Анжерская крепость существует до сих пор, она мало изменилась с XV века. Выстроенная еще Людовиком Святым как форпост Северной Франции, она была для тех времен одной из мощнейших крепостей страны, о которую разбилось не одно нашествие. Именно к Анжеру любой ценой будут рваться войска английских завоевателей, именно у этих стен разыграется знаменитая «битва за Анжу»… однако, мы забегаем несколько вперед. Гигантские стены, выложенные из темного местного туфа, перемежаемого слоями белого известняка, что придает им своеобразный «шахматный» оттенок, представляли собой почти правильный четырехугольник; впрочем, одна из сторон этого четырехугольника отсутствовала, сменяясь невысокой куртиной, так как с этой стороны обрывистый берег реки Мен и без того представлял собой очень серьезное препятствие для любого противника. Стену довершали 17 конусообразных башен; в настоящее время их верхние части разрушены, однако, в эпоху Иоланды острые кровли вздымались вверх на добрые 30 м от основания. Вокруг крепостной стены был вырыт глубокий и широкий ров, постоянно заполненный водой, через который, в согласии с тогдашней фортификационной наукой, был перекинут подъемный мост.

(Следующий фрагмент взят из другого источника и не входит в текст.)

lemma closed_csubspace_eq_UNIV:
  fixes M :: "'a::chilbert_space set"
  assumes "closed M" and "csubspace M"
    and orth: "\<And>v. (\<forall>m\<in>M. cinner m v = 0) \<Longrightarrow> v = 0"
  shows "M = UNIV"
proof -
  have "y \<in> M" for y
  proof -
    obtain m0 where "m0 \<in> M" and "\<And>m. m \<in> M \<Longrightarrow> norm (y - m0) \<le> norm (y - m)"
      using closed_csubspace_best_approximation assms(1,2) by blast
    then have "y - m0 = 0"
      using best_approximation_orthogonal assms(2) orth by blast
    then show ?thesis
      using \<open>m0 \<in> M\<close> by simp
  qed
  then show ?thesis
    by blast
qed

section \<open>Self-adjoint operators and their resolvents\<close>

lemma dom_lop_shift [simp]: "dom (lop_shift T c) = dom T"
  and app_lop_shift [simp]: "app (lop_shift T c) x = app T x - c *\<^sub>C x"
  and dom_lop_comp [simp]: "dom (lop_comp S T) = {x \<in> dom T. app T x \<in> dom S}"
  and app_lop_comp [simp]: "app (lop_comp S T) x = app S (app T x)"
  by (simp_all add: lop_shift_def lop_comp_def dom_def app_def)

context
  fixes T :: "'a::chilbert_space lop"
  assumes lin: "linear_op T"
begin

lemma linear_op_dom_add: "x \<in> dom T \<Longrightarrow> y \<in> dom T \<Longrightarrow> x + y \<in> dom T"
  and linear_op_dom_scaleC: "x \<in> dom T \<Longrightarrow> c *\<^sub>C x \<in> dom T"
  using lin by (auto simp: linear_op_def csubspace_def)

lemma linear_op_app_add: "x \<in> dom T \<Longrightarrow> y \<in> dom T \<Longrightarrow> app T (x + y) = app T x + app T y"
  and linear_op_app_scaleC: "x \<in> dom T \<Longrightarrow> app T (c *\<^sub>C x) = c *\<^sub>C app T x"
  using lin by (auto simp: linear_op_def)

lemma linear_op_dom_diff_scaleC: "x \<in> dom T \<Longrightarrow> y \<in> dom T \<Longrightarrow> x - c *\<^sub>C y \<in> dom T"
  using linear_op_dom_add[of x "(- c) *\<^sub>C y"] linear_op_dom_scaleC[of y "- c"]
  by (simp add: scaleC_minus_left)

lemma linear_op_app_diff_scaleC:
  "x \<in> dom T \<Longrightarrow> y \<in> dom T \<Longrightarrow> app T (x - c *\<^sub>C y) = app T x - c *\<^sub>C app T y"
  using linear_op_app_add[of x "(- c) *\<^sub>C y"] linear_op_app_scaleC[of y "- c"]
    linear_op_dom_scaleC[of y "- c"] by (simp add: scaleC_minus_left)

lemma linear_op_dom_diff: "x \<in> dom T \<Longrightarrow> y \<in> dom T \<Longrightarrow> x - y \<in> dom T"
  using linear_op_dom_diff_scaleC[of x y 1] by (simp add: scaleC_one)

lemma linear_op_app_diff: "x \<in> dom T \<Longrightarrow> y \<in> dom T \<Longrightarrow> app T (x - y) = app T x - app T y"
  using linear_op_app_diff_scaleC[of x y 1] by (simp add: scaleC_one)

end

lemma linear_op_shift_range_csubspace:
  assumes lin: "linear_op S"
  shows "csubspace ((\<lambda>x. app S x - z *\<^sub>C x) ` dom S)"
  unfolding csubspace_def
proof (intro conjI ballI allI)
  have "0 \<in> dom S"
    using lin by (simp add: linear_op_def csubspace_def)
  moreover have "app S 0 = 0"
    using linear_op_app_scaleC[OF lin \<open>0 \<in> dom S\<close>, of 0] by simp
  ultimately show "0 \<in> (\<lambda>x. app S x - z *\<^sub>C x) ` dom S"
    by (auto intro!: rev_image_eqI[of 0])
next
  fix u v
  assume "u \<in> (\<lambda>x. app S x - z *\<^sub>C x) ` dom S" "v \<in> (\<lambda>x. app S x - z *\<^sub>C x) ` dom S"
  then obtain x1 x2 where x: "x1 \<in> dom S" "x2 \<in> dom S"
    and "u = app S x1 - z *\<^sub>C x1" "v = app S x2 - z *\<^sub>C x2"
    by blast
  then have "u + v = app S (x1 + x2) - z *\<^sub>C (x1 + x2)"
    using linear_op_app_add[OF lin x] by (simp add: scaleC_add_right)
  then show "u + v \<in> (\<lambda>x. app S x - z *\<^sub>C x) ` dom S"
    using linear_op_dom_add[OF lin x] by blast
next
  fix c u
  assume "u \<in> (\<lambda>x. app S x - z *\<^sub>C x) ` dom S"
  then obtain x where x: "x \<in> dom S" and "u = app S x - z *\<^sub>C x"
    by blast
  then have "c *\<^sub>C u = app S (c *\<^sub>C x) - z *\<^sub>C (c *\<^sub>C x)"
    using linear_op_app_scaleC[OF lin x] by (simp add: scaleC_diff_right scaleC_scaleC mult.commute)
  then show "c *\<^sub>C u \<in> (\<lambda>x. app S x - z *\<^sub>C x) ` dom S"
    using linear_op_dom_scaleC[OF lin x] by blast
qed

lemma self_adjoint_symmetric:
  assumes "self_adjoint S" "x \<in> dom S" "y \<in> dom S"
  shows "cinner (app S x) y = cinner x (app S y)"
proof -
  have eq: "lop_eq (adjoint S) S"
    using assms(1) by (simp add: self_adjoint_def)
  then have "y \<in> dom (adjoint S)"
    using assms(3) by (simp add: lop_eq_def)
  then have "\<exists>z. \<forall>x\<in>dom S. cinner (app S x) y = cinner x z"
    by (simp add: adjoint_def dom_def)
  then have "\<forall>x\<in>dom S. cinner (app S x) y = cinner x (app (adjoint S) y)"
    unfolding adjoint_def app_def snd_conv by (rule someI_ex)
  moreover have "app (adjoint S) y = app S y"
    using eq assms(3) by (simp add: lop_eq_def)
  ultimately show ?thesis
    using assms(2) by simp
qed

lemma self_adjoint_adjointI:
  assumes sa: "self_adjoint S" and h: "\<And>x. x \<in> dom S \<Longrightarrow> cinner (app S x) y = cinner x w"
  shows "y \<in> dom S" "app S y = w"
proof -
  have "lop_eq (adjoint S) S"
    using sa by (simp add: self_adjoint_def)
  moreover have "y \<in> dom (adjoint S)"
    using h by (auto simp: adjoint_def dom_def)
  ultimately show y: "y \<in> dom S"
    by (simp add: lop_eq_def)
  have "app S y - w = 0"
  proof (rule orthogonal_to_dense_eq_0)
    show "closure (dom S) = UNIV"
      using sa by (simp add: self_adjoint_def densely_defined_def)
    show "cinner x (app S y - w) = 0" if "x \<in> dom S" for x
      using self_adjoint_symmetric[OF sa that y] h[OF that] by (simp add: cinner_diff_right)
  qed
  then show "app S y = w"
    by simp
qed

lemma self_adjoint_shift_lower_bound:
  assumes sa: "self_adjoint S" and x: "x \<in> dom S"
  shows "\<bar>Im z\<bar> * norm x \<le> norm (app S x - z *\<^sub>C x)"
proof -
  have "Im (cinner x (app S x)) = 0"
    using self_adjoint_symmetric[OF sa x x] cinner_commute[of "app S x" x]
    by (simp add: complex_eq_iff)
  then have "Im (cinner x (app S x - z *\<^sub>C x)) = - Im z * (norm x)\<^sup>2"
    by (simp add: cinner_diff_right cinner_scaleC_right cinner_self)
  then have "\<bar>Im z\<bar> * (norm x * norm x) \<le> cmod (cinner x (app S x - z *\<^sub>C x))"
    using abs_Im_le_cmod[of "cinner x (app S x - z *\<^sub>C x)"] by (simp add: abs_mult power2_eq_square)
  then have "\<bar>Im z\<bar> * norm x * norm x \<le> norm x * norm (app S x - z *\<^sub>C x)"
    using cinner_cauchy_schwarz[of x "app S x - z *\<^sub>C x"] by (simp add: mult.assoc)
  then show ?thesis
    by (cases "norm x = 0") (auto simp: mult.commute mult_le_cancel_left)
qed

Древний город славился своим богатством, гостеприимством и добрым нравом жителей, а также искусностью местных мастеров. Это был город купцов и ремесленников, ежегодно здесь проходило не менее трех ярмарок. Места в пределах стен хватало для всех — и крепостного гарнизона, представлявшего собой в достаточной мере грозную армию, и для горожан, селившихся в многочисленных деревянных домах, рассыпавшихся по всему пространству, огороженному стенами. Каменное строение на весь город было одно: старинный замок (назвать его дворцом можно было с весьма большой натяжкой), выстроенный зачинателями анжуйской династии. Это сооружение, приземистое, сильно отдающее варварским вкусом, сложенное из грубо отесанных камней, c узкими окнами-бойницами, почти не пропускавшими света, уже в те времена смотрелось нелепым анахронизмом. Здесь вольготно бы чувствовали себя разве что древние франки, любители пива и цельных бычьих туш, с которых следовало кинжалами отрезать куски мяса и с хрустом разгрызать кости, сплевывая прямо на пол. Все это варварское великолепие дополнялось закопченным от сотен факелов потолком, и постоянной промозглой сыростью, которую невозможно было прогнать. Впрочем, покойный Людовик I, незадолго до своего отъезда в Италию приказал пробить в каменных стенах высокие стрельчатые окна, чтобы впустить внутрь побольше света и тепла, и дополнить древний замок с обеих сторон дополнительными строениями, которые среди прочего должны были включать многочисленные службы: кухню, комнаты для слуг и т. д.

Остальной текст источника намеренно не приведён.